The following description will specifically describe the solution of the present invention by taking an FMCW multichannel lidar as an example, and it can be understood that the solution of the present invention can also be applied to a TOF multichannel lidar.

In some embodiments, as shown in FIG. 1, the laser is a swept beam, and the multi-channel lidar 100 further includes a beam splitter 60. The optical splitter 60 is, for example, integrated on a semiconductor chip, and is configured to receive the swept frequency beam output from the laser light source 10 and further split the swept frequency beam into two parts, i.e., an emission beam and a local oscillator beam. The emitted light beam may be transmitted to the corresponding light emitting end 30 to be emitted through one path in the 1 xn optical transmission device 10, and the local oscillation light beam may be transmitted to the detection device 50, and the emitted light beam and the local oscillation light beam have the same frequency at any time point, that is, the frequency modulation waveforms of the emitted light beam and the local oscillation light beam are identical.

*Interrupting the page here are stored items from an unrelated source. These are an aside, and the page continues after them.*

(* Let $U$ be a nonempty open subset of $\mathbb{R}^d$ and let $(a_n)_{n\ge1}$ be a sequence of points of $U$ such that $\inf_\lambda\liminf_{j\to\infty}2^{-dj}\#\mathrm{M}((a_n)_{n\ge1};\lambda,j)>0$, the infimum over all nonempty dyadic cubes $\lambda\subseteq U$. Let $\mathcal{A}=\{a_n:n\ge1\}$ and define $H:\mathcal{A}\to(0,\infty)$ by $H(a)=(\min\{n\ge1:a=a_n\})^{1/d}$. Then $(\mathcal{A},H)$ is an optimal regular system in $U$.
   Context: Fix a norm $|\cdot|$ on $\mathbb{R}^d$, diameters taken with respect to it. Let $\mathcal{A}\subseteq\mathbb{R}^d$ be countably infinite and $H:\mathcal{A}\to(0,\infty)$. The pair $(\mathcal{A},H)$ is admissible if for every integer $m\ge1$ the set $\{a\in\mathcal{A}:|a|<m,\ H(a)\le m\}$ is finite. It is a regular system in an open set $U$ if it is admissible and there is $\kappa>0$ such that for every open ball $B\subseteq U$ there is $h_B>0$ such that for all $h>h_B$ there is $\mathcal{A}_{B,h}\subseteq\mathcal{A}\cap B$ with $\#\mathcal{A}_{B,h}\ge\kappa(\mathrm{diam}\,B)^dh^d$, $H(a)\le h$ for $a\in\mathcal{A}_{B,h}$, and $|a-a'|\ge1/h$ for distinct $a,a'\in\mathcal{A}_{B,h}$. It is an optimal system in $U$ if it is admissible and for every open ball $B$ there are $\kappa'_B,h'_B>0$ with $\#\{a\in\mathcal{A}\cap U\cap B:H(a)\le h\}\le\kappa'_Bh^d$ for $h>h'_B$. An optimal regular system is one that is both. A dyadic cube is $\lambda=2^{-j}(k+[0,1)^d)$, $j\in\mathbb{Z}$, $k\in\mathbb{Z}^d$, of generation $\langle\lambda\rangle=j$; $\mathrm{M}((x_n)_{n\ge1};\lambda,j)$ is the set of dyadic cubes $\lambda'\subseteq\lambda$ of generation $\langle\lambda\rangle+j$ containing some $x_n$ with $n\le2^{d\langle\lambda'\rangle}$. *)

theory Defs
  imports "HOL-Analysis.Analysis"
begin

definition is_norm :: "(real^'n \<Rightarrow> real) \<Rightarrow> bool" where
  "is_norm N \<longleftrightarrow> (\<forall>x. 0 \<le> N x) \<and> (\<forall>x. N x = 0 \<longleftrightarrow> x = 0)
     \<and> (\<forall>c x. N (c *\<^sub>R x) = \<bar>c\<bar> * N x) \<and> (\<forall>x y. N (x + y) \<le> N x + N y)"

definition nball :: "(real^'n \<Rightarrow> real) \<Rightarrow> real^'n \<Rightarrow> real \<Rightarrow> (real^'n) set" where
  "nball N x r = {y. N (y - x) < r}"

definition ndiam :: "(real^'n \<Rightarrow> real) \<Rightarrow> (real^'n) set \<Rightarrow> real" where
  "ndiam N S = Sup {N (y - z) | y z. y \<in> S \<and> z \<in> S}"

definition admissible :: "(real^'n \<Rightarrow> real) \<Rightarrow> (real^'n) set \<Rightarrow> (real^'n \<Rightarrow> real) \<Rightarrow> bool" where
  "admissible N A H \<longleftrightarrow> countable A \<and> infinite A \<and> (\<forall>a\<in>A. 0 < H a)
     \<and> (\<forall>m::nat. m \<ge> 1 \<longrightarrow> finite {a\<in>A. N a < real m \<and> H a \<le> real m})"

definition regular_system ::
  "(real^'n \<Rightarrow> real) \<Rightarrow> (real^'n) set \<Rightarrow> (real^'n \<Rightarrow> real) \<Rightarrow> (real^'n) set \<Rightarrow> bool" where
  "regular_system N A H U \<longleftrightarrow> admissible N A H \<and>
     (\<exists>\<kappa>>0. \<forall>x r. r > 0 \<and> nball N x r \<subseteq> U \<longrightarrow>
        (\<exists>hB>0. \<forall>h>hB. \<exists>S. S \<subseteq> A \<inter> nball N x r \<and> finite S
            \<and> real (card S) \<ge> \<kappa> * (ndiam N (nball N x r)) ^ CARD('n) * h ^ CARD('n)
            \<and> (\<forall>a\<in>S. H a \<le> h)
            \<and> (\<forall>a\<in>S. \<forall>a'\<in>S. a \<noteq> a' \<longrightarrow> N (a - a') \<ge> 1 / h)))"

definition optimal_system ::
  "(real^'n \<Rightarrow> real) \<Rightarrow> (real^'n) set \<Rightarrow> (real^'n \<Rightarrow> real) \<Rightarrow> (real^'n) set \<Rightarrow> bool" where
  "optimal_system N A H U \<longleftrightarrow> admissible N A H \<and>
     (\<forall>x r. r > 0 \<longrightarrow> (\<exists>\<kappa>'>0. \<exists>h'>0. \<forall>h>h'.
        finite {a \<in> A \<inter> U \<inter> nball N x r. H a \<le> h} \<and>
        real (card {a \<in> A \<inter> U \<inter> nball N x r. H a \<le> h}) \<le> \<kappa>' * h ^ CARD('n)))"

definition optimal_regular_system ::
  "(real^'n \<Rightarrow> real) \<Rightarrow> (real^'n) set \<Rightarrow> (real^'n \<Rightarrow> real) \<Rightarrow> (real^'n) set \<Rightarrow> bool" where
  "optimal_regular_system N A H U \<longleftrightarrow> optimal_system N A H U \<and> regular_system N A H U"

definition dyadic_cube :: "int \<Rightarrow> ('n \<Rightarrow> int) \<Rightarrow> (real^'n) set" where
  "dyadic_cube j k = {x. \<forall>i. real_of_int (k i) \<le> 2 powr (real_of_int j) * x $ i
                            \<and> 2 powr (real_of_int j) * x $ i < real_of_int (k i) + 1}"

text \<open>M((x_n); lambda, j) for lambda = dyadic_cube g k, represented by the
  indices k' of the subcubes of generation g + j.\<close>
definition dyadicM :: "(nat \<Rightarrow> real^'n) \<Rightarrow> int \<Rightarrow> ('n \<Rightarrow> int) \<Rightarrow> nat \<Rightarrow> ('n \<Rightarrow> int) set" where
  "dyadicM x g k j = {k'. dyadic_cube (g + int j) k' \<subseteq> dyadic_cube g k \<and>
      (\<exists>n\<ge>1. real n \<le> 2 powr (real CARD('n) * real_of_int (g + int j))
              \<and> x n \<in> dyadic_cube (g + int j) k')}"

end

theory Submission
  imports Defs
begin
lemma twos_weight_even:
  assumes I: "I \<in> ideals (twos t)" and "even e"
  shows "twos_weight t e I =
    (if e mod 4 = 2 then (if e \<in> I then 1 else 0) else (if e \<in> felems (twos t) - I then 1 else 0))"
proof (cases "e mod 4 = 2")
  case True
  then show ?thesis
    unfolding twos_weight_def twos_coeff_def using \<open>even e\<close> chi_twos_peak[OF I True] by simp
next
  case False
  with \<open>even e\<close> have "e mod 4 = 0" by presburger
  then show ?thesis
    unfolding twos_weight_def twos_coeff_def toggle_eq_chi_min_minus_chi
    using \<open>even e\<close> chi_min_twos_valley[OF I] by simp
qed

lemma twos_weight_odd:
  assumes I: "I \<in> ideals (twos t)" and k: "k < t"
  shows "twos_weight t (2 * k + 1) I = (1 - twos_weight t (2 * k) I - twos_weight t (2 * k + 2) I) / 2"
proof -
  obtain h l where hl: "{h, l} = {2 * k, 2 * k + 2}" "h mod 4 = 2" "l mod 4 = 0"
  proof (cases "even k")
    case True
    then have "(2 * k + 2) mod 4 = 2" "2 * k mod 4 = 0" by presburger+
    then show ?thesis by (intro that[of "2 * k + 2" "2 * k"]) auto
  next
    case False
    then have "2 * k mod 4 = 2" "(2 * k + 2) mod 4 = 0" by presburger+
    then show ?thesis by (intro that[of "2 * k" "2 * k + 2"]) auto
  qed
  from hl(2,3) have "even h" "even l" by presburger+
  have "twos_weight t (2 * k + 1) I
      = (chi (twos t) (2 * k + 1) I + chi_min (twos t) (2 * k + 1) I) / 2"
    unfolding twos_weight_def twos_coeff_def toggle_eq_chi_min_minus_chi by (simp add: field_simps)
  moreover have "chi (twos t) (2 * k + 1) I + chi_min (twos t) (2 * k + 1) I
      = 1 - (if h \<in> I then 1 else 0) - (if l \<in> felems (twos t) - I then 1 else 0)"
    using hl k by (intro chi_add_chi_min_twos_odd[OF I])
      (auto simp: felems_twos doubleton_eq_iff)
  moreover have "(if h \<in> I then 1 else 0) = twos_weight t h I"
    "(if l \<in> felems (twos t) - I then 1 else 0) = twos_weight t l I"
    using hl(2,3) \<open>even h\<close> \<open>even l\<close> twos_weight_even[OF I] by simp_all
  moreover have "twos_weight t h I + twos_weight t l I
      = twos_weight t (2 * k) I + twos_weight t (2 * k + 2) I"
    using hl(1) by (auto simp: doubleton_eq_iff)
  ultimately show ?thesis by simp
qed

lemma sum_lessThan_double_pairs:
  fixes g :: "nat \<Rightarrow> 'a::comm_monoid_add"
  shows "(\<Sum>q<2 * t. g q) = (\<Sum>k<t. g (2 * k) + g (2 * k + 1))"
  by (induction t) (simp_all add: add.assoc)

lemma sum_twos_weight:
  assumes I: "I \<in> ideals (twos t)"
  shows "(\<Sum>q\<in>felems (twos t). twos_weight t q I) = real t / 2"
proof -
  note sub = ideals_subset_felems[OF I]
  have "0 \<notin> felems (twos t)" "2 * t \<notin> felems (twos t)"
    unfolding felems_twos by auto
  with sub have ends: "twos_weight t 0 I = 0" "twos_weight t (2 * t) I = 0"
    using twos_weight_even[OF I] by auto
  have "(\<Sum>q\<in>felems (twos t). twos_weight t q I) = (\<Sum>q<2 * t. twos_weight t q I)"
    using ends(1) unfolding felems_twos
    by (intro sum.mono_neutral_left) (auto simp: not_less_eq_eq)
  also have "\<dots> = (\<Sum>k<t. 1 / 2 + (twos_weight t (2 * k) I - twos_weight t (2 * Suc k) I) / 2)"
    unfolding sum_lessThan_double_pairs
  proof (rule sum.cong[OF refl])
    fix k assume "k \<in> {..<t}"
    with twos_weight_odd[OF I, of k] show "twos_weight t (2 * k) I + twos_weight t (2 * k + 1) I
        = 1 / 2 + (twos_weight t (2 * k) I - twos_weight t (2 * Suc k) I) / 2"
      by (simp add: field_simps)
  qed
  also have "\<dots> = real t / 2 + (\<Sum>k<t. twos_weight t (2 * k) I - twos_weight t (2 * Suc k) I) / 2"
    by (simp add: sum.distrib sum_divide_distrib)
  also have "(\<Sum>k<t. twos_weight t (2 * k) I - twos_weight t (2 * Suc k) I)
      = twos_weight t 0 I - twos_weight t (2 * t) I"
    using sum_lessThan_telescope'[of "\<lambda>k. twos_weight t (2 * k) I" t] by simp
  finally show ?thesis using ends by simp
qed

lemma tequiv_sum_chi_twos:
  "tequiv (twos t) (\<lambda>I. \<Sum>q\<in>felems (twos t). chi (twos t) q I) (\<lambda>_. real t / 2)"
  unfolding tequiv_def
proof (intro exI[of _ twos_coeff] ballI)
  fix I assume "I \<in> ideals (twos t)"
  then have "(\<Sum>q\<in>felems (twos t). chi (twos t) q I)
      - (\<Sum>q\<in>felems (twos t). twos_coeff q * toggle (twos t) q I) = real t / 2"
    using sum_twos_weight unfolding twos_weight_def by (simp add: sum_subtractf)
  then show "(\<Sum>q\<in>felems (twos t). chi (twos t) q I) - real t / 2
      = (\<Sum>q\<in>felems (twos t). twos_coeff q * toggle (twos t) q I)" by linarith
qed
(* Let $(\varphi_k)_{k\ge0}$ be nonnegative weights with $\varphi_0>0$. Let $\mathcal M=\Psi\circ\Phi$ be the map (defined in the context) from increasing diamonds of size $n$ to ordered increasing bucket trees of size $n$ with bucket size $2$. Then for every increasing diamond $F$, the number of inner nodes of $F$ equals the number of nodes of capacity one in $\mathcal M(F)$. Consequently, if $I_n$ denotes the number of inner nodes of a random increasing diamond of size $n$ and $N_n$ the number of capacity-one nodes of a random ordered increasing bucket tree of size $n$ with bucket size 2 (both chosen with probability proportional to weight, with $\psi_1=1$), then $I_n$ and $N_n$ are equal in distribution for every $n\ge1$.
   Context: Increasing diamonds are defined recursively on a finite set $L$ of integer labels: if $|L|=1$ it is a single vertex with that label (weight 1); if $|L|\ge2$ it consists of a source vertex labelled $\min L$, a sink vertex labelled $\max L$, and an ordered sequence $(F_1,\dots,F_r)$, $r\ge0$, of increasing diamonds whose label sets partition $L\setminus\{\min L,\max L\}$, with weight $\varphi_r\prod_i w(F_i)$; size is $|L|$. Node types: if $|L|=1$ its unique vertex is an inner node; otherwise the source is a small node, the sink a large node, and the types of the vertices of $F_1,\dots,F_r$ are assigned recursively. Ordered increasing bucket trees with $b=2$: plane rooted trees whose nodes have capacity 1 or 2 (nodes with children have capacity 2), labels $1,\dots,n$ distributed with each node holding as many labels as its capacity and every label of a node smaller than the labels in its children; weight = product of $\varphi_{d^+(v)}$ over capacity-2 nodes ($d^+(v)$ = number of children), capacity-1 nodes have weight $\psi_1=1$. The map $\mathcal M$: First $\Phi$: if $F$ has one vertex, $\Phi(F)$ is a single bucket containing its label; otherwise $\Phi(F)$ has root bucket containing $\min L$ and $\max L$, with ordered subtrees $\Phi(F_1),\dots,\Phi(F_r)$. Then $\Psi$ applied to a bucket-labelled plane tree $\hat T$: if its size is 1, return it; otherwise let $\ell_1<\dots<\ell_n$ be its labels, relabel every label by the permutation fixing $\ell_1$ and mapping $\ell_2\mapsto\ell_3\mapsto\cdots\mapsto\ell_n\mapsto\ell_2$, then keep the root bucket and replace each root subtree $\hat T_i$ (in order) by $\Psi(\hat T_i)$. *)

theory Defs
  imports Complex_Main
begin
lemma vertical_mass_rectangle_bound:
  assumes hol: "f holomorphic_on right_half_plane" and x: "0 < x1" "x1 < x" "x < x2"
    and d: "0 < d" "d \<le> x - x1" "d \<le> x2 - x" "d \<le> 1"
  shows "ennreal (2 * pi * d) * vertical_mass f x
           \<le> 2 * (\<integral>\<^sup>+s. vertical_mass f s * indicator {x1..x2} s \<partial>lborel) + 2 * vertical_mass f x1 + 2 * vertical_mass f x2"
proof -
  define F where "F = sq_norm_on_halfplane f"
  have [measurable]: "F \<in> borel_measurable borel"
    unfolding F_def using holomorphic_on_imp_continuous_on[OF hol] by measurable
  define T where "T p q y = ennreal (cmod (q - p)) *
      (\<integral>\<^sup>+t. F (linepath p q t + \<i> * of_real y) * indicator {0..1} t \<partial>lborel)" for p q y
  have [measurable]: "T p q \<in> borel_measurable borel" for p q
    unfolding T_def linepath_def by measurable
  define I where "I = (\<integral>\<^sup>+s. vertical_integral F s * indicator {x1..x2} s \<partial>lborel)"
  have horizontal: "(\<integral>\<^sup>+y. T (Complex x1 (-1)) (Complex x2 (-1)) y \<partial>lborel) = I"
    "(\<integral>\<^sup>+y. T (Complex x2 1) (Complex x1 1) y \<partial>lborel) = I"
    unfolding T_def I_def using x
    by (simp_all add: nn_integral_vertical_translates_horizontal_segment closed_segment_eq_real_ivl)
  have vertical: "(\<integral>\<^sup>+y. T (Complex x2 (-1)) (Complex x2 1) y \<partial>lborel) = 2 * vertical_integral F x2"
    "(\<integral>\<^sup>+y. T (Complex x1 1) (Complex x1 (-1)) y \<partial>lborel) = 2 * vertical_integral F x1"
    unfolding T_def
    using nn_integral_vertical_translates_vertical_segment[of F "Complex x2 (-1)" "Complex x2 1"]
      nn_integral_vertical_translates_vertical_segment[of F "Complex x1 1" "Complex x1 (-1)"]
    by (simp_all add: cmod_def)
  have "ennreal (2 * pi * d) * vertical_mass f x = (\<integral>\<^sup>+y. ennreal (2 * pi * d) * F (Complex x y) \<partial>lborel)"
    unfolding vertical_integral_def F_def by (rule nn_integral_cmult[symmetric]) (simp add: F_def[symmetric])
  also have "\<dots> \<le> (\<integral>\<^sup>+y. (\<Sum>(p, q) \<leftarrow> [(Complex x1 (-1), Complex x2 (-1)), (Complex x2 (-1), Complex x2 1),
                  (Complex x2 1, Complex x1 1), (Complex x1 1, Complex x1 (-1))]. T p q y) \<partial>lborel)"
    unfolding F_def T_def by (intro nn_integral_mono sq_norm_on_halfplane_rectangle_estimate[OF hol x d])
  also have "\<dots> = 2 * I + 2 * vertical_integral F x1 + 2 * vertical_integral F x2"
    by (simp add: nn_integral_add horizontal vertical mult_2 mult_2_right algebra_simps)
  finally show ?thesis
    unfolding F_def I_def .
qed

lemma weighted_halfplane_integral_eq_vertical_mass:
  assumes f: "continuous_on right_half_plane f"
  shows "weighted_halfplane_integral \<alpha> 0 f
           = (\<integral>\<^sup>+x. ennreal (x powr \<alpha>) * vertical_mass f x * indicator {0<..} x \<partial>lborel)"
proof -
  have [measurable]: "sq_norm_on_halfplane f \<in> borel_measurable borel"
    using f by measurable
  have f': "continuous_on {z. 0 < Re z} f"
    using f by (simp add: right_half_plane_def)
  have "weighted_halfplane_integral \<alpha> 0 f = (\<integral>\<^sup>+x. \<integral>\<^sup>+y. ennreal ((cmod (f (Complex x y)))\<^sup>2 * x powr \<alpha>)
      * indicator {z. 0 < Re z} (Complex x y) \<partial>lborel \<partial>lborel)"
    unfolding weighted_halfplane_integral_def
    using borel_measurable_weighted_integrand[OF f', of \<alpha>] by (simp add: nn_integral_lborel_complex)
  also have "\<dots> = (\<integral>\<^sup>+x. ennreal (x powr \<alpha>) * vertical_mass f x * indicator {0<..} x \<partial>lborel)"
  proof (intro nn_integral_cong)
    fix x :: real
    show "(\<integral>\<^sup>+y. ennreal ((cmod (f (Complex x y)))\<^sup>2 * x powr \<alpha>) * indicator {z. 0 < Re z} (Complex x y) \<partial>lborel)
        = ennreal (x powr \<alpha>) * vertical_mass f x * indicator {0<..} x"
    proof (cases "0 < x")
      case True
      then have "(\<integral>\<^sup>+y. ennreal ((cmod (f (Complex x y)))\<^sup>2 * x powr \<alpha>) * indicator {z. 0 < Re z} (Complex x y) \<partial>lborel)
          = (\<integral>\<^sup>+y. ennreal (x powr \<alpha>) * sq_norm_on_halfplane f (Complex x y) \<partial>lborel)"
        by (intro nn_integral_cong)
           (simp add: sq_norm_on_halfplane_def right_half_plane_def ennreal_mult' mult.commute)
      also have "\<dots> = ennreal (x powr \<alpha>) * vertical_mass f x"
        unfolding vertical_integral_def by (rule nn_integral_cmult) measurable
      finally show ?thesis
        using True by simp
    qed simp
  qed
  finally show ?thesis .
qed

lemma min_powr_le_powr_interval:
  fixes x l u \<alpha> :: real
  assumes "0 < l" "l \<le> x" "x \<le> u"
  shows "min (l powr \<alpha>) (max l u powr \<alpha>) \<le> x powr \<alpha>"
proof (cases "0 \<le> \<alpha>")
  case True
  then have "l powr \<alpha> \<le> x powr \<alpha>"
    using assms by (intro powr_mono2) auto
  then show ?thesis by linarith
next
  case False
  then have "max l u powr \<alpha> \<le> x powr \<alpha>"
    using assms by (intro powr_mono2') auto
  then show ?thesis by linarith
qed

lemma nn_integral_vertical_mass_finite:
  assumes f: "continuous_on right_half_plane f" and l: "0 < l"
    and fin: "weighted_halfplane_integral \<alpha> 0 f < \<infinity>"
  shows "(\<integral>\<^sup>+x. vertical_mass f x * indicator {l..u} x \<partial>lborel) < \<infinity>"
proof -
  define m where "m = min (l powr \<alpha>) (max l u powr \<alpha>)"
  have m: "0 < m"
    using l by (simp add: m_def)
  have m_le: "m \<le> x powr \<alpha>" if "x \<in> {l..u}" for x
    unfolding m_def using that l by (intro min_powr_le_powr_interval) auto
  have [measurable]: "sq_norm_on_halfplane f \<in> borel_measurable borel"
    using f by measurable
  have "(\<integral>\<^sup>+x. vertical_mass f x * indicator {l..u} x \<partial>lborel)
      \<le> (\<integral>\<^sup>+x. ennreal (1 / m) * (ennreal (x powr \<alpha>) * vertical_mass f x * indicator {0<..} x) \<partial>lborel)"
  proof (intro nn_integral_mono)
    fix x :: real
    show "vertical_mass f x * indicator {l..u} x
        \<le> ennreal (1 / m) * (ennreal (x powr \<alpha>) * vertical_mass f x * indicator {0<..} x)"
    proof (cases "x \<in> {l..u}")
      case True
      then have "1 \<le> ennreal (1 / m) * ennreal (x powr \<alpha>)"
        using m m_le[OF True] by (simp add: ennreal_mult'[symmetric] ennreal_1[symmetric] del: ennreal_1)
      then have "vertical_mass f x \<le> ennreal (1 / m) * ennreal (x powr \<alpha>) * vertical_mass f x"
        using mult_right_mono[of 1 _ "vertical_mass f x"] by simp
      then show ?thesis
        using True l by (simp add: mult.assoc)
    qed simp
  qed
  also have "\<dots> = ennreal (1 / m) * weighted_halfplane_integral \<alpha> 0 f"
    by (simp add: weighted_halfplane_integral_eq_vertical_mass[OF f] nn_integral_cmult)
  also have "\<dots> < \<infinity>"
    using fin by (simp add: ennreal_mult_less_top)
  finally show ?thesis .
qed
(* Let $0<p<1$, $q=1-p$, $N\ge1$, let $\sigma=(\sigma_1,\dots,\sigma_N)\in S_N$, let $\mathbf{x}=(x_1,\dots,x_N)$ and $\mathbf{y}=(y_1,\dots,y_N)$ be integer vectors with $x_1>x_2>\dots>x_N$ and $y_1>y_2>\dots>y_N$, let $t\in\mathbb{Z}$, and let $$\mathcal{F}_\sigma=\prod_{i=1}^N F_{\sigma_i-i}(x_i-y_{\sigma_i},t).$$ (1) If $t=0$, then $\mathcal{F}_\sigma=0$ unless $\sigma$ is the identity permutation and $\mathbf{x}=\mathbf{y}$. (2) Let $t=1$ and let $(i_1,\dots,i_k)$ be a cycle of $\sigma$ with $k>1$ elements, i.e. $\sigma_{i_1}=i_2,\sigma_{i_2}=i_3,\dots,\sigma_{i_k}=i_1$. Then $\mathcal{F}_\sigma=0$ unless, up to a cyclic shift of the indices of the cycle, $i_2=i_1+1,\dots,i_k=i_1+k-1$ and $y_{i_1}=x_{i_1}$, $x_{i_2}=y_{i_2}=x_{i_1}-1,\dots,x_{i_k}=y_{i_k}=x_{i_1}-k+1$.
   Context: For $n,x\in\mathbb{Z}$: $F_n(x,t)=\frac{1}{2\pi i}\oint_{\Gamma_0}\frac{dw}{w}\left(q+\frac{p}{w}\right)^t(1-w)^{-n}w^x$ for $t\ge0$, and $F_n(x,t)=0$ for $t<0$, where $\Gamma_0$ is a positively oriented contour encircling the origin and leaving $w=1$ outside. *)

theory Defs
  imports "HOL-Complex_Analysis.Complex_Analysis"
begin

text \<open>The kernel F_n(x,t) with parameter p (q = 1 - p). The contour Gamma_0 is taken
to be the circle of radius 1/2 around 0, which encircles the origin and leaves w = 1 outside.\<close>
definition F :: "real \<Rightarrow> int \<Rightarrow> int \<Rightarrow> int \<Rightarrow> complex" where
  "F p n x t =
     (if t < 0 then 0
      else contour_integral (circlepath 0 (1/2))
             (\<lambda>w. (1 / w) * (complex_of_real (1 - p) + complex_of_real p / w) ^ nat t
                   * (1 - w) powi (- n) * w powi x) / (2 * of_real pi * \<i>))"

end

theory Submission
  imports Defs
begin

text \<open>
  Expanding (q + p/w)^t binomially writes the integrand of F_n(x,t) as a combination of the
  functions w^(x-1-j) (1-w)^(-n), 0 \<le> j \<le> t. Each of them is holomorphic in the unit disc
  when x > t, and for n \<le> 0 and x < n it is a Laurent polynomial without a 1/w term. Hence,
  for every real p, F_n(x,t) \<noteq> 0 forces x \<le> t and, if n \<le> 0, also n \<le> x.

  For a nonvanishing product this bounds each gap x_i - y_\<sigma>(i) above by t and, at descents of
  \<sigma>, below by the displacement \<sigma>(i) - i. As x_i + i and y_j + j are non-increasing, the lower
  bound carries over from descents to ascents: an ascent i \<mapsto> \<sigma>(i) is jumped over by some
  descent l \<mapsto> \<sigma>(l) with \<sigma>(l) < \<sigma>(i) \<le> l. For t = 0 all displacements are then \<le> 0, so \<sigma>
  is the identity. For t = 1 every ascent is a unit step with gap 1, so a cycle read from its
  least element climbs by unit steps and falls back once, and the monotonicity inequalities
  along the cycle all become equalities.
\<close>

lemma has_contour_integral_powi_eq_0:
  fixes e :: int
  assumes "e \<noteq> -1" "valid_path g" "pathfinish g = pathstart g" "0 \<notin> path_image g"
  shows "((\<lambda>w::complex. w powi e) has_contour_integral 0) g"
proof (rule Cauchy_theorem_primitive[where S="-{0}" and f="\<lambda>w. w powi (e+1) / of_int (e+1)"])
  fix w :: complex assume "w \<in> - {0}"
  have "((\<lambda>w. w powi (e+1) / of_int (e+1)) has_field_derivative
        of_int (e+1) * w powi e / of_int (e+1)) (at w within -{0})"
    using \<open>w \<in> - {0}\<close> by (auto intro!: derivative_eq_intros)
  moreover have "(of_int (e+1) :: complex) \<noteq> 0"
    using assms(1) by (simp only: of_int_eq_0_iff)
  ultimately show "((\<lambda>w. w powi (e+1) / of_int (e+1)) has_field_derivative w powi e) (at w within -{0})"
    by simp
qed (use assms in auto)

In some embodiments, as shown in fig. 1, the detection device 50 comprises a mixer 51 and a detector 52. The mixer 51 is, for example, integrated on a semiconductor chip, and is configured to receive the local oscillator beam and the reflected beam and perform a mixing operation on the local oscillator beam and the reflected beam to obtain a mixed beam. The detector 52 is, for example, a balanced detector, one leap in receiving the mixed beam and detecting the beat frequency between the local oscillator beam and the reflected beam to obtain a measurement, i.e. to obtain the distance and/or velocity of the obstacle. The beat frequency refers to a frequency difference between the local oscillator beam and the reflected beam.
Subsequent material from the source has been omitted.